** Opening Dataset block **

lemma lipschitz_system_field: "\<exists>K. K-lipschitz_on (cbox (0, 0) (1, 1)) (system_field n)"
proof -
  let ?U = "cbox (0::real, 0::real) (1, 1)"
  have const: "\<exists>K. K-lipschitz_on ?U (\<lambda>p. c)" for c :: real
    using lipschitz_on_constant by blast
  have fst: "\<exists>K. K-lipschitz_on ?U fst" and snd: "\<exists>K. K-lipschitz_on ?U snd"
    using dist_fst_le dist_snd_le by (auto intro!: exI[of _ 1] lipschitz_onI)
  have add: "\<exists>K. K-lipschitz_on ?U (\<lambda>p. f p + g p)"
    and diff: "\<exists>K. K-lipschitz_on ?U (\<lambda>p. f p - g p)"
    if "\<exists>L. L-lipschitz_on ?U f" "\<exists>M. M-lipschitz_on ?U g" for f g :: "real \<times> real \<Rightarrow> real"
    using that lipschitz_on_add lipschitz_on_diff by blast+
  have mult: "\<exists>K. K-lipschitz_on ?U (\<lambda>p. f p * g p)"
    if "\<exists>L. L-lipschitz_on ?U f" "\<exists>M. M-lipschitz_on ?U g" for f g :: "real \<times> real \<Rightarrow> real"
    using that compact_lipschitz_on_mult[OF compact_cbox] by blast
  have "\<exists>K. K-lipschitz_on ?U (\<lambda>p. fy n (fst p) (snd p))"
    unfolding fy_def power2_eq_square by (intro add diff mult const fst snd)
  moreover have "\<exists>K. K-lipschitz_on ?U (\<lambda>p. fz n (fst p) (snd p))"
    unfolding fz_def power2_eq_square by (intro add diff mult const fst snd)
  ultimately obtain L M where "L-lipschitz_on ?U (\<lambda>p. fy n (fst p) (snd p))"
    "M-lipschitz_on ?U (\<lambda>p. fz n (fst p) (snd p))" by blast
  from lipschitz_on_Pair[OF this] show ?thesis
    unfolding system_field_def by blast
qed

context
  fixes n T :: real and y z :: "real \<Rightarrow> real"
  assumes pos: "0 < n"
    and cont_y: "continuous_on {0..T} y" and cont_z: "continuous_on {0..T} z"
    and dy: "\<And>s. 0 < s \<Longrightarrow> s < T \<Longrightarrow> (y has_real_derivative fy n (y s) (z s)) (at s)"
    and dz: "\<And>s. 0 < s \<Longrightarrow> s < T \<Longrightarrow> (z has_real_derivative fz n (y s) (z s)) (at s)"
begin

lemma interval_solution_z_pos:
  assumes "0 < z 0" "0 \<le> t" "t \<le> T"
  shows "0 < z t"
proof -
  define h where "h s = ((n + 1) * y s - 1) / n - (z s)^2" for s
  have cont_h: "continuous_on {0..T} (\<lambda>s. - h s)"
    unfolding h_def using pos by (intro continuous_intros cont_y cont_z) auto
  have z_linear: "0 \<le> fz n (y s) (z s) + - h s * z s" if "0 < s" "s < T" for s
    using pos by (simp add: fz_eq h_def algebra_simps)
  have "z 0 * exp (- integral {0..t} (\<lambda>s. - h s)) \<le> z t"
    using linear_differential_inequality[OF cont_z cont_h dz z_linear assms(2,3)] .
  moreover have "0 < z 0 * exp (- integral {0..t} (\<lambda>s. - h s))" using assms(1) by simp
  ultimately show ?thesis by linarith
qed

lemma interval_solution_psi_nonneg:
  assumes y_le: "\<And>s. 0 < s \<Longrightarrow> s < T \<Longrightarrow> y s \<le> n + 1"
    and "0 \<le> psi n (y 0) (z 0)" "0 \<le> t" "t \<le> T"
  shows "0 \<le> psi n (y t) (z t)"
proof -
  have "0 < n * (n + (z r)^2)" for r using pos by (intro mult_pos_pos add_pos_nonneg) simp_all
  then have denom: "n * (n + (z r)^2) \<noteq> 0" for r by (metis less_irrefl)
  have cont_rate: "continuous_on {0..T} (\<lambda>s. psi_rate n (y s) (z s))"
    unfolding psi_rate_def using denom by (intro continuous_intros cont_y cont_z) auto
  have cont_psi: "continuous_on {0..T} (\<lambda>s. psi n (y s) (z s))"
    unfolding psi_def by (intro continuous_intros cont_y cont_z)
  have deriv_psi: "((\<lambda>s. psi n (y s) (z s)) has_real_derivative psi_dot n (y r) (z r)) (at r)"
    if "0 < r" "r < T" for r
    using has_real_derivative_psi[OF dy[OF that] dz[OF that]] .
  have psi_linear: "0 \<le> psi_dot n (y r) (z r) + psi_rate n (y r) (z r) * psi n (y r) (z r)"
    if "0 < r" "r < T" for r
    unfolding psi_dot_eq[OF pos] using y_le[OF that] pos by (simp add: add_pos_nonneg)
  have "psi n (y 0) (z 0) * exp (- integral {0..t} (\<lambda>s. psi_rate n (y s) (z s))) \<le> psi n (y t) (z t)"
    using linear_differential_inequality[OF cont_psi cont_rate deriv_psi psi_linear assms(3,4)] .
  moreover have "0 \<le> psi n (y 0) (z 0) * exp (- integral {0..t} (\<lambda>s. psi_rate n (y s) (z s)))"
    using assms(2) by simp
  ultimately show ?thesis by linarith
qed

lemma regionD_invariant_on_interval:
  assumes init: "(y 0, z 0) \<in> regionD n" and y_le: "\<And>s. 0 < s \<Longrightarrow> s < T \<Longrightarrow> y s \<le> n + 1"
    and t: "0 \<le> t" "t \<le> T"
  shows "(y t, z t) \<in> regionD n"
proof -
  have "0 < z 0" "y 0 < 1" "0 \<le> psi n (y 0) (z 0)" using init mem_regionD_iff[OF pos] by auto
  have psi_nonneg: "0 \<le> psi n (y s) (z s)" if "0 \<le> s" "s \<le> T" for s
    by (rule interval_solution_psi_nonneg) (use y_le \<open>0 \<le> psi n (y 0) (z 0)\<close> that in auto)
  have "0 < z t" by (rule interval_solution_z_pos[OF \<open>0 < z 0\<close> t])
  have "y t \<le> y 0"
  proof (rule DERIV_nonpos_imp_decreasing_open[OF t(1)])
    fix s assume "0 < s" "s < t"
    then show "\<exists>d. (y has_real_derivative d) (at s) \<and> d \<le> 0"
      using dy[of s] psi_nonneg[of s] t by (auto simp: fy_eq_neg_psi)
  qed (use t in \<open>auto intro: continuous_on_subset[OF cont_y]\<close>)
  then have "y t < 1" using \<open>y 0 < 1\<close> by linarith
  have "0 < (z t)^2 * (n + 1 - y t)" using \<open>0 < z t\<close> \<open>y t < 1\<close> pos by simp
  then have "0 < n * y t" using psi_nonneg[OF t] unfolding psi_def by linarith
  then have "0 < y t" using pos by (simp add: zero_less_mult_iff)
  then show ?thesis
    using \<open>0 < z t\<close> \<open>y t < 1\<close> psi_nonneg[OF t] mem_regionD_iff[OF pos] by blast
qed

** Closing Dataset block **
** Opening Dataset block **

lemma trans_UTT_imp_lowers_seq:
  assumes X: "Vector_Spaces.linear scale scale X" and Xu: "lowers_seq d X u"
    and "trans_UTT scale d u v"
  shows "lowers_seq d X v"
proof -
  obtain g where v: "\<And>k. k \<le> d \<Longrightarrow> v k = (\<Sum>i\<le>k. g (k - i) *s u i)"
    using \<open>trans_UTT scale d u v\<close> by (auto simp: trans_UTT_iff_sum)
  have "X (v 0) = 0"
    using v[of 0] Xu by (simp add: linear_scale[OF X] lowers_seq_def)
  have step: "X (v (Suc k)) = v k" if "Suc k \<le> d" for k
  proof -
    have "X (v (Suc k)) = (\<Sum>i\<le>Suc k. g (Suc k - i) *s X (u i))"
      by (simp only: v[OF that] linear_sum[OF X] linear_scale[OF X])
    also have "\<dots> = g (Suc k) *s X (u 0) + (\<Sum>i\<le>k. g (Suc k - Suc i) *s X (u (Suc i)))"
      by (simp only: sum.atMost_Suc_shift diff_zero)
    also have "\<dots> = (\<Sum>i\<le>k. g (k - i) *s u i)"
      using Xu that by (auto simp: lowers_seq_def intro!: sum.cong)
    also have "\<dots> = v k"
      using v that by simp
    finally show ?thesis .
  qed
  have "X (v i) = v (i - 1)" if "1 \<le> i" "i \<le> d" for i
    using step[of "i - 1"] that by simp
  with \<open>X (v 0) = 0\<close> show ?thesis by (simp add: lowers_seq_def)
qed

** Closing Dataset block **

Prompt:
Only the lines above starting at the line that holds "r) + psi_rate" and ending at the line that holds "using linear_differential_inequality[OF cont_psi" are to be repeated, exactly and in full.

Answer to this task:
  have psi_linear: "0 \<le> psi_dot n (y r) (z r) + psi_rate n (y r) (z r) * psi n (y r) (z r)"
    if "0 < r" "r < T" for r
    unfolding psi_dot_eq[OF pos] using y_le[OF that] pos by (simp add: add_pos_nonneg)
  have "psi n (y 0) (z 0) * exp (- integral {0..t} (\<lambda>s. psi_rate n (y s) (z s))) \<le> psi n (y t) (z t)"
    using linear_differential_inequality[OF cont_psi cont_rate deriv_psi psi_linear assms(3,4)] .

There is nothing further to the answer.